Salesforceは、顧客を標的とした新たなデータ窃取攻撃を調査する中で、Gainsightが提供するアプリケーションに紐づくリフレッシュトークンを失効させたと発表しました。
同クラウドベースソフトウェア企業は、この問題は自社の顧客関係管理(CRM)プラットフォームの脆弱性に起因するものではないとし、すべての証拠から、悪意ある活動はアプリのSalesforceへの外部接続に関連していると見られると述べました。
「Salesforceは、顧客によって直接インストールおよび管理されている、Salesforceに接続されたGainsight提供アプリケーションに関する異常な活動を確認しました。我々の調査によると、この活動により、アプリの接続を通じて一部顧客のSalesforceデータへの不正アクセスが可能になった可能性があります」と、Salesforceは木曜朝のアドバイザリで述べています。

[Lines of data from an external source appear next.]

(* On the top boundary psi = 1, so psi_x = 0 and v = psi_y eta_x / |grad eta|^2 there; hence v < 0
   gives psi_y eta_x < 0 on Gamma+. Far out psi is close to psi_triv, whose slope at y = 1 is positive,
   so a second-order Taylor bound in y forces psi_y > 0 at far points of the top. As psi_y never
   vanishes on Gamma+, it is positive there and eta_x < 0 on Gamma+.
   For h > 0 the difference eta(x+h,y) - eta(x-h,y) is harmonic in the quarter strip, vanishes on
   x = 0 (evenness) and on the bottom, is nonpositive on the top (eta decreases there) and tends to 0
   at infinity, so by the maximum principle it is nonpositive. Adding a multiple of the harmonic
   barrier sin(k(x-a)) sinh(ky), calibrated by a uniform bound eta_x <= -m on the top, and applying
   the maximum principle on a rectangle improves this to a bound -2hc with c > 0; letting h -> 0
   gives eta_x <= -c < 0 in the interior. *)

section \<open>One-variable calculus\<close>

lemma first_order_taylor_bound:
  fixes g g' g'' :: "real \<Rightarrow> real"
  assumes "a < b"
    and g': "\<And>t. t \<in> {a..b} \<Longrightarrow> (g has_real_derivative g' t) (at t within {a..b})"
    and g'': "\<And>t. t \<in> {a..b} \<Longrightarrow> (g' has_real_derivative g'' t) (at t within {a..b})"
    and bound: "\<And>t. t \<in> {a..b} \<Longrightarrow> \<bar>g'' t\<bar> \<le> C"
  shows "\<bar>g b - g a - (b - a) * g' b\<bar> \<le> C * (b - a)\<^sup>2"
proof -
  obtain z where z: "z \<in> {a<..<b}" "g b - g a = g' z * (b - a)"
    using mvt_simple[OF \<open>a < b\<close>, of g "\<lambda>t. (*) (g' t)"] g' by (auto simp: has_field_derivative_def)
  have "(g' has_real_derivative g'' t) (at t within {z..b})" if "t \<in> {z..b}" for t
    using z that by (intro DERIV_subset[OF g'']) auto
  then obtain w where w: "w \<in> {z<..<b}" "g' b - g' z = g'' w * (b - z)"
    using mvt_simple[of z b g' "\<lambda>t. (*) (g'' t)"] z by (auto simp: has_field_derivative_def)
  have "\<bar>g' b - g' z\<bar> \<le> C * (b - a)"
    using w z bound[of w] by (auto simp: abs_mult intro!: mult_mono)
  then have "(b - a) * \<bar>g' b - g' z\<bar> \<le> (b - a) * (C * (b - a))"
    using \<open>a < b\<close> by (intro mult_left_mono) auto
  moreover have "g b - g a - (b - a) * g' b = (b - a) * (g' z - g' b)"
    using z by (simp add: algebra_simps)
  then have "\<bar>g b - g a - (b - a) * g' b\<bar> = (b - a) * \<bar>g' b - g' z\<bar>"
    using \<open>a < b\<close> by (simp add: abs_mult abs_minus_commute)
  ultimately show ?thesis by (simp add: power2_eq_square mult.commute mult.left_commute)
qed

lemma DERIV2_local_max_nonpos:
  fixes g g' :: "real \<Rightarrow> real"
  assumes "r > 0"
    and g': "\<And>t. \<bar>t - t0\<bar> < r \<Longrightarrow> (g has_real_derivative g' t) (at t)"
    and g'': "(g' has_real_derivative A) (at t0)"
    and max: "\<And>t. \<bar>t - t0\<bar> < r \<Longrightarrow> g t \<le> g t0"
  shows "A \<le> 0"
proof (rule ccontr)
  assume "\<not> A \<le> 0"
  then obtain d where d: "d > 0" "\<And>h. h > 0 \<Longrightarrow> h < d \<Longrightarrow> g' t0 < g' (t0 + h)"
    using DERIV_pos_inc_right[OF g''] by auto
  have crit: "g' t0 = 0"
    using DERIV_local_max[OF g'[of t0] \<open>r > 0\<close>] max \<open>r > 0\<close> by (simp add: abs_minus_commute)
  define h where "h = min d r / 2"
  have h: "0 < h" "h < d" "h < r" using d \<open>r > 0\<close> by (auto simp: h_def)
  obtain z where z: "t0 < z" "z < t0 + h" "g (t0 + h) - g t0 = h * g' z"
    using MVT2[of t0 "t0 + h" g g'] g' h by auto
  have "g' z > 0" using d(2)[of "z - t0"] z h crit by auto
  then have "g (t0 + h) > g t0" using z h by (simp add: algebra_simps)
  moreover have "g (t0 + h) \<le> g t0" using max h by auto
  ultimately show False by simp
qed

lemma tendsto_symmetric_difference_quotient:
  fixes g :: "real \<Rightarrow> real"
  assumes "DERIV g x :> L"
  shows "((\<lambda>h. (g (x + h) - g (x - h)) / (2 * h)) \<longlongrightarrow> L) (at 0)"
proof -
  have right: "((\<lambda>h. (g (x + h) - g x) / h) \<longlongrightarrow> L) (at 0)"
    using assms by (simp add: DERIV_def)
  have "DERIV (\<lambda>t. g (- t)) (- x) :> - L"
    using DERIV_mirror[of g L "- x"] assms by simp
  then have left: "((\<lambda>h. (g (x - h) - g x) / h) \<longlongrightarrow> - L) (at 0)"
    by (simp add: DERIV_def)
  have "((\<lambda>h. ((g (x + h) - g x) / h - (g (x - h) - g x) / h) / 2) \<longlongrightarrow> (L - - L) / 2) (at 0)"
    by (intro tendsto_intros right left) simp
  moreover have "(\<lambda>h. ((g (x + h) - g x) / h - (g (x - h) - g x) / h) / 2)
      = (\<lambda>h. (g (x + h) - g (x - h)) / (2 * h))"
    by (rule ext) (simp add: field_simps diff_divide_distrib)
  ultimately show ?thesis by simp
qed

lemma DERIV_le_if_symmetric_difference_le:
  fixes g :: "real \<Rightarrow> real"
  assumes "DERIV g x :> L" "d > 0"
    and le: "\<And>h. 0 < h \<Longrightarrow> h < d \<Longrightarrow> g (x + h) - g (x - h) \<le> 2 * h * B"
  shows "L \<le> B"
proof (rule tendsto_upperbound)
  show "((\<lambda>h. (g (x + h) - g (x - h)) / (2 * h)) \<longlongrightarrow> L) (at_right 0)"
    using tendsto_symmetric_difference_quotient[OF assms(1)] by (rule tendsto_mono[OF at_le, rotated]) simp
  show "\<forall>\<^sub>F h in at_right 0. (g (x + h) - g (x - h)) / (2 * h) \<le> B"
    using \<open>d > 0\<close> le by (intro eventually_at_rightI[of 0 d]) (auto simp: divide_le_eq mult.commute)
qed simp

lemma even_antimono_symmetric_difference_nonpos:
  fixes g :: "real \<Rightarrow> real"
  assumes even: "\<And>t. g (- t) = g t"
    and antimono: "\<And>s t. 0 \<le> s \<Longrightarrow> s \<le> t \<Longrightarrow> g t \<le> g s"
    and "0 \<le> x" "0 \<le> h"
  shows "g (x + h) \<le> g (x - h)"
proof (cases "h \<le> x")
  case True
  then show ?thesis using antimono[of "x - h" "x + h"] \<open>0 \<le> h\<close> by simp
next
  case False
  then show ?thesis using antimono[of "h - x" "x + h"] even[of "h - x"] \<open>0 \<le> x\<close> by simp
qed

lemma symmetric_difference_le_if_DERIV_le:
  fixes g g' :: "real \<Rightarrow> real"
  assumes "0 < h"
    and g': "\<And>t. x - h \<le> t \<Longrightarrow> t \<le> x + h \<Longrightarrow> (g has_real_derivative g' t) (at t)"
    and le: "\<And>t. x - h \<le> t \<Longrightarrow> t \<le> x + h \<Longrightarrow> g' t \<le> B"
  shows "g (x + h) - g (x - h) \<le> 2 * h * B"
proof -
  obtain z where z: "x - h < z" "z < x + h" "g (x + h) - g (x - h) = (x + h - (x - h)) * g' z"
    using MVT2[of "x - h" "x + h" g g'] g' \<open>0 < h\<close> by auto
  have "(2 * h) * g' z \<le> (2 * h) * B"
    using le[of z] z \<open>0 < h\<close> by (intro mult_left_mono) auto
  with z(3) show ?thesis by simp
qed

lemma continuous_on_Icc_pos_lower_bound:
  fixes f :: "real \<Rightarrow> real"
  assumes "continuous_on {a..b} f" "\<And>t. t \<in> {a..b} \<Longrightarrow> 0 < f t"
  obtains m where "m > 0" "\<And>t. t \<in> {a..b} \<Longrightarrow> m \<le> f t"
proof (cases "a \<le> b")
  case True
  then obtain t0 where "t0 \<in> {a..b}" "\<And>t. t \<in> {a..b} \<Longrightarrow> f t0 \<le> f t"
    using continuous_attains_inf[OF compact_Icc _ assms(1)] by auto
  with assms(2) show ?thesis by (intro that[of "f t0"]) auto
next
  case False
  then show ?thesis by (intro that[of 1]) auto
qed

section \<open>Partial derivatives on the strip\<close>

lemma Ckb_SucD: "Ckb (Suc k) f \<Longrightarrow> Ckb k f"
proof (induction k arbitrary: f)
  case 0
  then show ?case by simp
next
  case (Suc k)
  then show ?case by (metis Ckb.simps(2))
qed

lemma Ckb_2_D:
  assumes "Ckb 2 f"
  shows "continuous_on stripClosed f" "continuous_on stripClosed (pdx f)" "continuous_on stripClosed (pdy f)"
    and "p \<in> stripClosed \<Longrightarrow> f differentiable (at p within stripClosed)"
    and "p \<in> stripClosed \<Longrightarrow> pdx f differentiable (at p within stripClosed)"
    and "p \<in> stripClosed \<Longrightarrow> pdy f differentiable (at p within stripClosed)"
    and "bounded (pdy (pdy f) ` stripClosed)"
  using assms by (simp_all add: numeral_2_eq_2)

lemma frechet_derivative_axis:
  assumes "f differentiable (at p within stripClosed)"
  shows "frechet_derivative f (at p within stripClosed) (h, 0) = pdx f p * h"
    and "frechet_derivative f (at p within stripClosed) (0, h) = pdy f p * h"
proof -
  have "linear (frechet_derivative f (at p within stripClosed))"
    using assms by (simp add: frechet_derivative_works has_derivative_linear)
  from linear.scaleR[OF this, of h "(1, 0)"] linear.scaleR[OF this, of h "(0, 1)"]
  show "frechet_derivative f (at p within stripClosed) (h, 0) = pdx f p * h"
    and "frechet_derivative f (at p within stripClosed) (0, h) = pdy f p * h"
    by (simp_all add: pdx_def pdy_def mult.commute)
qed

lemma has_real_derivative_pdx:
  assumes "f differentiable (at (x, y) within stripClosed)" "0 \<le> y" "y \<le> 1"
  shows "((\<lambda>t. f (t, y)) has_real_derivative pdx f (x, y)) (at x)"
proof -
  have line: "((\<lambda>t. (t, y)) has_derivative (\<lambda>h. (h, 0))) (at x)"
    by (auto intro!: derivative_eq_intros)
  have "(f has_derivative frechet_derivative f (at (x, y) within stripClosed))
      (at (x, y) within (\<lambda>t. (t, y)) ` UNIV)"
    using assms by (intro has_derivative_subset[OF iffD1[OF frechet_derivative_works]])
      (auto simp: stripClosed_def)
  from has_derivative_in_compose[OF line this] show ?thesis
    using assms(1) by (simp add: has_field_derivative_def frechet_derivative_axis)
qed

lemma has_real_derivative_pdy:
  assumes "f differentiable (at (x, y) within stripClosed)" "0 \<le> y" "y \<le> 1"
  shows "((\<lambda>s. f (x, s)) has_real_derivative pdy f (x, y)) (at y within {0..1})"
proof -
  have line: "((\<lambda>s. (x, s)) has_derivative (\<lambda>h. (0, h))) (at y within {0..1})"
    by (auto intro!: derivative_eq_intros)
  have "(f has_derivative frechet_derivative f (at (x, y) within stripClosed))
      (at (x, y) within (\<lambda>s. (x, s)) ` {0..1})"
    using assms by (intro has_derivative_subset[OF iffD1[OF frechet_derivative_works]])
      (auto simp: stripClosed_def)
  from has_derivative_in_compose[OF line this] show ?thesis
    using assms(1) by (simp add: has_field_derivative_def frechet_derivative_axis)
qed

lemma has_real_derivative_pdy_interior:
  assumes "f differentiable (at (x, y) within stripClosed)" "0 < y" "y < 1"
  shows "((\<lambda>s. f (x, s)) has_real_derivative pdy f (x, y)) (at y)"
  using has_real_derivative_pdy[OF assms(1)] assms(2,3) at_within_Icc_at[of 0 y 1] by simp

section \<open>Maximum principle on rectangles\<close>

lemma rectangle_max_principle_strict:
  fixes u ux uy uxx uyy :: "real \<Rightarrow> real \<Rightarrow> real"
  assumes cont: "continuous_on ({a..b} \<times> {c..d}) (\<lambda>(x, y). u x y)"
    and ux: "\<And>x y. a < x \<Longrightarrow> x < b \<Longrightarrow> c < y \<Longrightarrow> y < d \<Longrightarrow>
      ((\<lambda>t. u t y) has_real_derivative ux x y) (at x)"
    and uxx: "\<And>x y. a < x \<Longrightarrow> x < b \<Longrightarrow> c < y \<Longrightarrow> y < d \<Longrightarrow>
      ((\<lambda>t. ux t y) has_real_derivative uxx x y) (at x)"
    and uy: "\<And>x y. a < x \<Longrightarrow> x < b \<Longrightarrow> c < y \<Longrightarrow> y < d \<Longrightarrow>
      ((\<lambda>s. u x s) has_real_derivative uy x y) (at y)"
    and uyy: "\<And>x y. a < x \<Longrightarrow> x < b \<Longrightarrow> c < y \<Longrightarrow> y < d \<Longrightarrow>
      ((\<lambda>s. uy x s) has_real_derivative uyy x y) (at y)"
    and subharmonic: "\<And>x y. a < x \<Longrightarrow> x < b \<Longrightarrow> c < y \<Longrightarrow> y < d \<Longrightarrow> uxx x y + uyy x y > 0"
    and boundary: "\<And>x y. x \<in> {a..b} \<Longrightarrow> y \<in> {c..d} \<Longrightarrow> x = a \<or> x = b \<or> y = c \<or> y = d \<Longrightarrow>
      u x y \<le> M"
    and "x \<in> {a..b}" "y \<in> {c..d}"
  shows "u x y \<le> M"
proof -
  obtain q where q: "q \<in> {a..b} \<times> {c..d}"
      "\<And>z. z \<in> {a..b} \<times> {c..d} \<Longrightarrow> case_prod u z \<le> case_prod u q"
    using continuous_attains_sup[OF compact_Times[OF compact_Icc compact_Icc] _ cont] assms(8,9) by blast
  obtain x0 y0 where [simp]: "q = (x0, y0)" by force
  have "u x0 y0 \<le> M"
  proof (cases "x0 = a \<or> x0 = b \<or> y0 = c \<or> y0 = d")
    case True
    then show ?thesis using boundary q(1) by simp
  next
    case False
    then have i: "a < x0" "x0 < b" "c < y0" "y0 < d" using q(1) by auto
    define r where "r = min (min (x0 - a) (b - x0)) (min (y0 - c) (d - y0))"
    have "r > 0" using i by (simp add: r_def)
    have near: "a < t \<and> t < b" "c < s \<and> s < d" if "\<bar>t - x0\<bar> < r" "\<bar>s - y0\<bar> < r" for t s
      using that by (auto simp: r_def abs_less_iff)
    have "uxx x0 y0 \<le> 0"
    proof (rule DERIV2_local_max_nonpos[OF \<open>r > 0\<close>])
      show "((\<lambda>t. u t y0) has_real_derivative ux t y0) (at t)" if "\<bar>t - x0\<bar> < r" for t
        using near[OF that, of y0] i \<open>r > 0\<close> by (intro ux) auto
      show "u t y0 \<le> u x0 y0" if "\<bar>t - x0\<bar> < r" for t
        using near[OF that, of y0] i \<open>r > 0\<close> q(2)[of "(t, y0)"] by auto
    qed (use uxx i in auto)
    moreover have "uyy x0 y0 \<le> 0"
    proof (rule DERIV2_local_max_nonpos[OF \<open>r > 0\<close>])
      show "((\<lambda>s. u x0 s) has_real_derivative uy x0 s) (at s)" if "\<bar>s - y0\<bar> < r" for s
        using near[OF _ that, of x0] i \<open>r > 0\<close> by (intro uy) auto
      show "u x0 s \<le> u x0 y0" if "\<bar>s - y0\<bar> < r" for s
        using near[OF _ that, of x0] i \<open>r > 0\<close> q(2)[of "(x0, s)"] by auto
    qed (use uyy i in auto)
    ultimately show ?thesis using subharmonic[OF i] by simp
  qed
  with q(2)[of "(x, y)"] assms(8,9) show ?thesis by simp
qed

「この活動を検知した時点で、Salesforceは、Salesforceに接続されたGainsight提供アプリケーションに関連するすべての有効なアクセスおよびリフレッシュトークンを失効させるとともに、調査が継続している間、これらのアプリケーションを一時的にAppExchangeから削除しました。」
Salesforceは、このインシデントの影響を受けたすべての顧客に通知しており、さらなる支援が必要な場合はSalesforce Helpチームに連絡するよう助言しています。
同社はこれらの攻撃に関する詳細をまだ明らかにしていませんが、このインシデントは2025年8月のSalesloft侵害に類似しています。当時、「Scattered Lapsus$ Hunters」として知られる恐喝グループは、SalesloftのDrift AIチャットのSalesforce連携に対して盗まれたOAuthトークンを悪用し、顧客のSalesforceインスタンスからパスワード、AWSアクセスキー、Snowflakeトークンなどの機密情報を窃取しました。
ShinyHunters恐喝グループは当時BleepingComputerに対し、Salesloftのデータ窃取攻撃は約760社に影響し、15億件のSalesforceレコードが盗まれたと主張しました。
Salesloft攻撃で影響を受けたことが判明している企業には、Google、Cloudflare、Rubrik、Elastic、Proofpoint、JFrog、Zscaler、Tenable、Palo Alto Networks、CyberArk、BeyondTrust、Nutanix、Qualys、Cato Networks、その他多数が含まれます。
本日、BleepingComputerとのやり取りの中で、ShinyHuntersは、Salesloft Drift侵害で盗まれたシークレットを通じてGainsightを侵害した結果、さらに285のSalesforceインスタンスへアクセスしたと主張しました。
Gainsightは、Salesloft Driftに紐づく盗まれたOAuthトークンを通じて侵害を受けたことを以前に認めており、攻撃者は氏名、ビジネス用メールアドレス、電話番号、地域/所在地の詳細、ライセンス情報、サポートケースの内容などのビジネス連絡先情報にアクセスしたと述べています。
BleepingComputerは、Gainsightアプリケーションに関連する今回のデータ窃取攻撃について質問を送っていますが、現時点で回答は得られていません。